definition star :: "nat \<Rightarrow> nat set \<Rightarrow> nat set set" where
  "star v B = (\<lambda>b. {v, b}) ` B"

definition nbrs_in :: "nat set set \<Rightarrow> nat set \<Rightarrow> nat \<Rightarrow> nat set" where
  "nbrs_in E S w = {s\<in>S. {w, s} \<in> E}"

definition realizes :: "nat \<Rightarrow> nat set set \<Rightarrow> nat set \<Rightarrow> nat set set \<Rightarrow> nat \<Rightarrow> bool" where
  "realizes n E S \<C> v \<longleftrightarrow> (\<forall>C. C \<noteq> {} \<and> C \<subseteq> S \<longrightarrow> (C \<in> \<C> \<longleftrightarrow> odd (common_nbrs n E (insert v C))))"

definition has_all_types :: "nat set set \<Rightarrow> nat set \<Rightarrow> nat set \<Rightarrow> bool" where
  "has_all_types E S B \<longleftrightarrow> (\<forall>T. T \<noteq> {} \<and> T \<subseteq> S \<longrightarrow> (\<exists>w\<in>B. nbrs_in E S w = T))"

lemma all_graphs_eq_Pow: "all_graphs n = Pow (vertex_pairs n)"
  unfolding all_graphs_def vertex_pairs_def ..

lemma finite_vertex_pairs: "finite (vertex_pairs n)"
  unfolding vertex_pairs_def by (rule finite_subset[of _ "Pow {..<n}"]) auto

lemma star_subset_vertex_pairs:
  assumes "v < n" "B \<subseteq> {..<n}" "v \<notin> B"
  shows "star v B \<subseteq> vertex_pairs n"
  using assms unfolding star_def vertex_pairs_def by (auto simp: card_2_iff)
definition inter_matrix :: "nat \<Rightarrow> (nat \<Rightarrow> nat) \<Rightarrow> (nat \<Rightarrow> nat) \<Rightarrow> real mat" where
  "inter_matrix d b c = mat (d+1) (d+1) (\<lambda>(i,j).
      if i = j then real (inter_a b c i)
      else if j = i + 1 then real (c (i+1))
      else if i = j + 1 then real (b j)
      else 0)"

definition antipodal_double_cover :: "'a set \<Rightarrow> ('a \<Rightarrow> 'a \<Rightarrow> bool) \<Rightarrow> nat \<Rightarrow> bool" where
  "antipodal_double_cover V E d \<longleftrightarrow> (\<forall>x\<in>V. \<exists>!y. y \<in> V \<and> gdist E x y = d)"

definition distance_magic :: "'a set \<Rightarrow> ('a \<Rightarrow> 'a \<Rightarrow> bool) \<Rightarrow> bool" where
  "distance_magic V E \<longleftrightarrow> (\<exists>l::'a \<Rightarrow> nat. \<exists>k. bij_betw l V {1..card V} \<and>
     (\<forall>x\<in>V. (\<Sum>y\<in>{y\<in>V. E x y}. l y) = k))"

definition closed_distance_magic :: "'a set \<Rightarrow> ('a \<Rightarrow> 'a \<Rightarrow> bool) \<Rightarrow> bool" where
  "closed_distance_magic V E \<longleftrightarrow> (\<exists>l::'a \<Rightarrow> nat. \<exists>k. bij_betw l V {1..card V} \<and>
     (\<forall>x\<in>V. (\<Sum>y\<in>{y\<in>V. E x y} \<union> {x}. l y) = k))"

end

theory Submission
  imports Defs
begin

text \<open>
  Subtracting the mean label from a distance magic (resp. closed distance magic)
  labeling gives an injective \<open>f\<close> with \<open>(\<Sum>y \<sim> x. f y) + s f x = 0\<close> for all \<open>x\<close>,
  where \<open>s = 0\<close> (resp. \<open>s = 1\<close>): summing over all vertices forces the magic constant
  to vanish. For each vertex \<open>x\<close>, the vector \<open>W\<^sub>x\<close> of sums of \<open>f\<close> over the spheres
  around \<open>x\<close> lies in the kernel of \<open>s I + B\<close>. Since every \<open>c\<^sub>i\<close> is positive, row \<open>i\<close>
  of \<open>s I + B\<close> determines entry \<open>i + 1\<close> of a kernel vector from the earlier ones, so
  the kernel is spanned by \<open>u = W\<^sub>x\<^sub>0 / f x\<^sub>0\<close> and \<open>W\<^sub>x = f x \<cdot> u\<close> for every \<open>x\<close>.
  Entry \<open>d\<close> of \<open>W\<^sub>x\<close> is \<open>f\<close> at the antipode \<open>x'\<close> of \<open>x\<close>, so \<open>f x' = u\<^sub>d f x\<close>;
  applying this twice gives \<open>u\<^sub>d\<^sup>2 = 1\<close>, and injectivity of \<open>f\<close> excludes \<open>u\<^sub>d = 1\<close>.
\<close>

lemma mat_kernel_iff_rows:
  assumes "A \<in> carrier_mat nr nc"
  shows "v \<in> mat_kernel A \<longleftrightarrow>
           v \<in> carrier_vec nc \<and> (\<forall>i<nr. (\<Sum>j<nc. A $$ (i, j) * v $ j) = 0)"
proof -
  have "A *\<^sub>v v = 0\<^sub>v nr \<longleftrightarrow> (\<forall>i<nr. (\<Sum>j<nc. A $$ (i, j) * v $ j) = 0)"
    if "v \<in> carrier_vec nc" for v
    using assms that
    by (auto simp: vec_eq_iff scalar_prod_def lessThan_atLeast0 mult.commute)
  then show ?thesis using assms unfolding mat_kernel_def by auto
qed

lemma mat_kernel_vec_eq_0_if_superdiagonal:
  fixes A :: "'a::idom mat"
  assumes A: "A \<in> carrier_mat n n"
    and above_zero: "\<And>i j. j < n \<Longrightarrow> i + 1 < j \<Longrightarrow> A $$ (i, j) = 0"
    and superdiagonal: "\<And>i. i + 1 < n \<Longrightarrow> A $$ (i, i + 1) \<noteq> 0"
    and v: "v \<in> mat_kernel A" and v0: "v $ 0 = 0"
  shows "v = 0\<^sub>v n"
proof -
  have rows: "(\<Sum>j<n. A $$ (i, j) * v $ j) = 0" if "i < n" for i
    using v that unfolding mat_kernel_iff_rows[OF A] by blast
  have "v $ j = 0" if "j < n" for j
    using that
  proof (induction j rule: less_induct)
    case (less j)
    show ?case
    proof (cases j)
      case 0
      then show ?thesis using v0 by simp
    next
      case (Suc i)
      have other_terms: "A $$ (i, k) * v $ k = 0" if "k < n" "k \<noteq> j" for k
      proof (cases "k < j")
        case True
        then show ?thesis using less.IH less.prems by simp
      next
        case False
        then show ?thesis using above_zero[of k i] that Suc by simp
      qed
      have "0 = (\<Sum>k<n. A $$ (i, k) * v $ k)" using rows less.prems Suc by simp
      also have "\<dots> = (\<Sum>k<n. if k = j then A $$ (i, j) * v $ j else 0)"
        using other_terms by (intro sum.cong) auto
      also have "\<dots> = A $$ (i, j) * v $ j" using less.prems by simp
      finally show ?thesis using superdiagonal[of i] less.prems Suc by simp
    qed
  qed
  then show ?thesis using mat_kernelD(1)[OF A v] by (intro eq_vecI) auto
qed

lemma mat_kernel_eq_span_if_superdiagonal:
  fixes A :: "'a::field mat"
  assumes A: "A \<in> carrier_mat n n"
    and above_zero: "\<And>i j. j < n \<Longrightarrow> i + 1 < j \<Longrightarrow> A $$ (i, j) = 0"
    and superdiagonal: "\<And>i. i + 1 < n \<Longrightarrow> A $$ (i, i + 1) \<noteq> 0"
    and u: "u \<in> mat_kernel A" and u0: "u $ 0 = 1" and n: "0 < n"
  shows "mat_kernel A = {t \<cdot>\<^sub>v u | t. True}"
proof (intro subset_antisym subsetI)
  fix v assume v: "v \<in> mat_kernel A"
  have uc: "u \<in> carrier_vec n" and vc: "v \<in> carrier_vec n"
    using mat_kernelD(1)[OF A] u v by auto
  define t where "t = v $ 0"
  let ?w = "v - t \<cdot>\<^sub>v u"
  have "A *\<^sub>v ?w = A *\<^sub>v v - t \<cdot>\<^sub>v (A *\<^sub>v u)"
    using A uc vc by (simp add: mult_minus_distrib_mat_vec mult_mat_vec)
  also have "\<dots> = 0\<^sub>v n"
    unfolding mat_kernelD(2)[OF A u] mat_kernelD(2)[OF A v] by (simp add: vec_eq_iff)
  finally have "?w \<in> mat_kernel A" using A uc vc by (intro mat_kernelI) auto
  moreover have "?w $ 0 = 0" using u0 uc vc n t_def by simp
  ultimately have w: "?w = 0\<^sub>v n"
    using mat_kernel_vec_eq_0_if_superdiagonal[OF A above_zero superdiagonal] by blast
  have "v $ i = t * u $ i" if "i < n" for i
    using arg_cong[OF w, of "\<lambda>w. w $ i"] that uc vc by simp
  then have "v = t \<cdot>\<^sub>v u" using uc vc by (intro eq_vecI) auto
  then show "v \<in> {t \<cdot>\<^sub>v u | t. True}" by blast
next
  fix v assume "v \<in> {t \<cdot>\<^sub>v u | t. True}"
  then show "v \<in> mat_kernel A" using mat_kernel_smult[OF A u] by blast
qed

lemma zero_smult_add_mat:
  "B \<in> carrier_mat nr nc \<Longrightarrow> A \<in> carrier_mat nr nc \<Longrightarrow>
    (0 :: 'a :: semiring_1) \<cdot>\<^sub>m B + A = A"
  by (rule eq_matI) simp_all

lemma one_smult_mat: "(1 :: 'a :: monoid_mult) \<cdot>\<^sub>m A = A"
  by (rule eq_matI) simp_all

lemma inter_matrix_carrier: "inter_matrix d b c \<in> carrier_mat (d+1) (d+1)"
  by (simp add: inter_matrix_def)

lemma relpowp_sym:
  assumes "symp E" and "(E ^^ n) x y"
  shows "(E ^^ n) y x"
  using assms(2)
proof (induction n arbitrary: y)
  case 0
  then show ?case by simp
next
  case (Suc n)
  then obtain z where "(E ^^ n) x z" "E z y" by (blast elim: relpowp_Suc_E)
  show ?case
    using sympD[OF assms(1) \<open>E z y\<close>] Suc.IH[OF \<open>(E ^^ n) x z\<close>] by (rule relpowp_Suc_I2)
qed

lemma gdist_sym: "symp E \<Longrightarrow> gdist E x y = gdist E y x"
  unfolding gdist_def by (metis relpowp_sym)

lemma gdist_le: "(E ^^ n) x y \<Longrightarrow> gdist E x y \<le> n"
  unfolding gdist_def by (rule Least_le)

lemma gdist_self [simp]: "gdist E x x = 0"
  using gdist_le[of 0 E x x] by simp

locale connected_simple_graph =
  fixes V :: "'a set" and E :: "'a \<Rightarrow> 'a \<Rightarrow> bool"
  assumes simple: "simple_graph V E" and connected: "connected_graph V E"
begin

lemma finite_V: "finite V" and V_nonempty: "V \<noteq> {}"
  and adjacent_in_V: "E x y \<Longrightarrow> x \<in> V \<and> y \<in> V"
  and adjacent_sym: "symp E" and not_adjacent_self: "\<not> E x x"
  using simple unfolding simple_graph_def by (auto intro: sympI)

lemma relpowp_gdist: "x \<in> V \<Longrightarrow> y \<in> V \<Longrightarrow> (E ^^ gdist E x y) x y"
  using connected unfolding connected_graph_def gdist_def by (metis LeastI)

lemma sphere_0: "x \<in> V \<Longrightarrow> {y \<in> V. gdist E x y = 0} = {x}"
  using relpowp_gdist by fastforce
lemma up_pc_antimono:
  "(\<And>s. is_sublocale ((d::rat \<Rightarrow> 'a set) s)) \<Longrightarrow> (\<And>s. d s \<subseteq> d' s) \<Longrightarrow> up_pc d' r \<subseteq> up_pc d r"
  unfolding up_pc_def by (rule INF_mono') (rule cos_pc_antimono[OF frame])

lemma cos_inf_up_pc_eq_UNIV:
  assumes sub: "\<And>s. is_sublocale ((d::rat \<Rightarrow> 'a set) s)"
    and decr: "\<And>s t. s \<le> t \<Longrightarrow> d t \<subseteq> d s" and "s \<le> r"
  shows "cos_inf (up_pc d r) (d s) = UNIV"
  unfolding up_pc_def
proof (rule cos_inf_Inter_eq_UNIV[OF frame sub])
  fix T assume "T \<in> (\<lambda>t. cos_pc (d t)) ` {t. r < t}"
  then obtain t where "r < t" and T: "T = cos_pc (d t)"
    by blast
  show "is_sublocale T"
    unfolding T by (rule is_sublocale_cos_pc)
  have "cos_inf (cos_pc (d t)) (d t) \<subseteq> cos_inf (cos_pc (d t)) (d s)"
    using \<open>s \<le> r\<close> \<open>r < t\<close> decr[of s t] by (intro cos_inf_mono) simp_all
  then show "cos_inf T (d s) = UNIV"
    unfolding T using cos_inf_cos_pc[OF frame sub] by blast
qed

lemma is_sublocale_INT_fst:
  "A \<subseteq> Fbar \<Longrightarrow> is_sublocale (\<Inter>a\<in>(A::'a rfun set). fst a r)"
  by (rule is_sublocale_Inter) (auto intro: FbarD(1))

lemma Fbar_Sup_upper:
  assumes A: "A \<subseteq> (Fbar::'a rfun set)" and "a \<in> A"
  shows "fle a (Fbar_Sup A)"
proof -
  have a: "a \<in> Fbar"
    using assms by blast
  have "snd a s \<subseteq> Fbar_Sup_snd A s" for s
    unfolding Fbar_snd_eq_down_pc[OF a] Fbar_Sup_snd_def
    using is_sublocale_INT_fst[OF A] \<open>a \<in> A\<close> by (intro down_pc_antimono) blast+
  then have "up_pc (Fbar_Sup_snd A) r \<subseteq> fst a r" for r
    unfolding Fbar_fst_eq_up_pc[OF a] using FbarD(2)[OF a] by (intro up_pc_antimono)
  with \<open>snd a _ \<subseteq> _\<close> show ?thesis
    unfolding fle_iff Fbar_Sup_def by simp
qed
text \<open>If \<open>cl g = 0\<close>, then \<open>g\<close>, and with it \<open>a\<close>, would share a cyclic subgroup with an
  element of a third class.\<close>
lemma generator_class:
  assumes g: "g \<in> carrier G" and a: "a \<in> generate G {g}" and "cl a \<noteq> 0"
  shows "cl g = cl a"
proof -
  have aG: "a \<in> carrier G" using a g generate_incl[of "{g}"] by blast
  have "common_cyclic G g a"
    using g a generate.incl[of g "{g}"] unfolding common_cyclic_def by blast
  then have "cl g = 0 \<or> cl g = cl a"
    using common_cyclic_iff[OF g aG] \<open>cl a \<noteq> 0\<close> by auto
  moreover have "cl g \<noteq> 0"
  proof
    assume "cl g = 0"
    define j where "j = (if cl a = 1 then 2 else 1 :: nat)"
    have "j < 4" unfolding j_def by simp
    then obtain b where b: "b \<in> carrier G" "cl b = j"
      by (rule class_nonempty)
    have "common_cyclic G g b" using common_cyclic_iff[OF g b(1)] \<open>cl g = 0\<close> by simp
    then obtain h where h: "h \<in> carrier G" "g \<in> generate G {h}" "b \<in> generate G {h}"
      unfolding common_cyclic_def by blast
    have "a \<in> generate G {h}"
      using a h(1,2) generate_subgroup_incl[of "{g}" "generate G {h}"] generate_is_subgroup[of "{h}"] by auto
    then have "common_cyclic G a b" using h unfolding common_cyclic_def by blast
    then show False
      using common_cyclic_iff[OF aG b(1)] b(2) \<open>cl a \<noteq> 0\<close> unfolding j_def
      by (auto split: if_splits)
  qed
  ultimately show ?thesis by blast
qed
lemma rep_value_list_update:
  assumes "length x = length C" "i < length C"
  shows "rep_value C (x[i := x ! i + k]) = rep_value C x + C ! i * k"
proof -
  have "rep_value C (x[i := x ! i + k]) = (\<Sum>j<length C. C ! j * x ! j + (if j = i then C ! j * k else 0))"
    unfolding rep_value_def using assms by (intro sum.cong) (auto simp: nth_list_update algebra_simps)
  also have "\<dots> = rep_value C x + C ! i * k"
    using assms by (simp add: sum.distrib rep_value_def)
  finally show ?thesis .
qed

lemma sum_list_le_rep_value:
  assumes "0 \<notin> set C" "length x = length C"
  shows "sum_list x \<le> rep_value C x"
proof -
  have "sum_list x = (\<Sum>i<length C. x ! i)"
    using assms(2) by (simp add: sum_list_sum_nth atLeast0LessThan)
  also have "\<dots> \<le> (\<Sum>i<length C. C ! i * x ! i)"
  proof (rule sum_mono)
    fix i assume "i \<in> {..<length C}"
    then have "0 < C ! i" using assms(1) by (metis lessThan_iff nth_mem gr0I)
    then show "x ! i \<le> C ! i * x ! i" by simp
  qed
  finally show ?thesis by (simp add: rep_value_def)
qed

lemma grd_append: "0 < e \<Longrightarrow> grd (C @ [e]) v = v div e + grd C (v mod e)"
  by (simp add: grd_def)

lemma grd_zero [simp]: "grd C 0 = 0"
proof -
  have "grd_desc cs 0 = 0" for cs
    by (induction cs) auto
  then show ?thesis by (simp add: grd_def)
qed

lemma grd_append_greater:
  assumes "\<forall>c\<in>set D. v < c"
  shows "grd (C @ D) v = grd C v"
proof -
  have "grd_desc (cs @ ds) v = grd_desc ds v" if "\<forall>c\<in>set cs. v < c" for cs ds
    using that by (induction cs) auto
  then show ?thesis using assms by (simp add: grd_def)
qed

lemma grd_two_coins: "0 < a \<Longrightarrow> grd [1, a] v = v div a + v mod a"
  by (simp add: grd_def)

lemma greedy_representation:
  assumes "is_system C"
  shows "\<exists>x. length x = length C \<and> rep_value C x = v \<and> sum_list x = grd C v"
  using assms
proof (induction C arbitrary: v rule: rev_induct)
  case Nil
  then show ?case by (simp add: is_system_def)
next
  case (snoc e C)
  have "0 < e" using zero_not_in_system[OF snoc.prems] by (auto intro: gr0I)
  show ?case
  proof (cases "C = []")
    case True
    then have "e = 1" using snoc.prems by (simp add: is_system_def)
    then show ?thesis
      using True by (intro exI[of _ "[v]"]) (simp add: rep_value_def grd_def)
  next
    case False
    obtain x where x: "length x = length C" "rep_value C x = v mod e" "sum_list x = grd C (v mod e)"
      using snoc.IH is_system_butlast[OF snoc.prems False] by blast
    show ?thesis
      using x \<open>0 < e\<close>
      by (intro exI[of _ "x @ [v div e]"]) (simp add: rep_value_append grd_append)
  qed
qed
★ ★ ★
* _ASSIGNMENT_:
For this exercise, please output exactly the lines above starting at the line with "then obtain h" and ending at the line with "h unfolding common_cyclic_def by blast", ends included.

* _ANSWER TO THE EXERCISE_:
    then obtain h where h: "h \<in> carrier G" "g \<in> generate G {h}" "b \<in> generate G {h}"
      unfolding common_cyclic_def by blast
    have "a \<in> generate G {h}"
      using a h(1,2) generate_subgroup_incl[of "{g}" "generate G {h}"] generate_is_subgroup[of "{h}"] by auto
    then have "common_cyclic G a b" using h unfolding common_cyclic_def by blast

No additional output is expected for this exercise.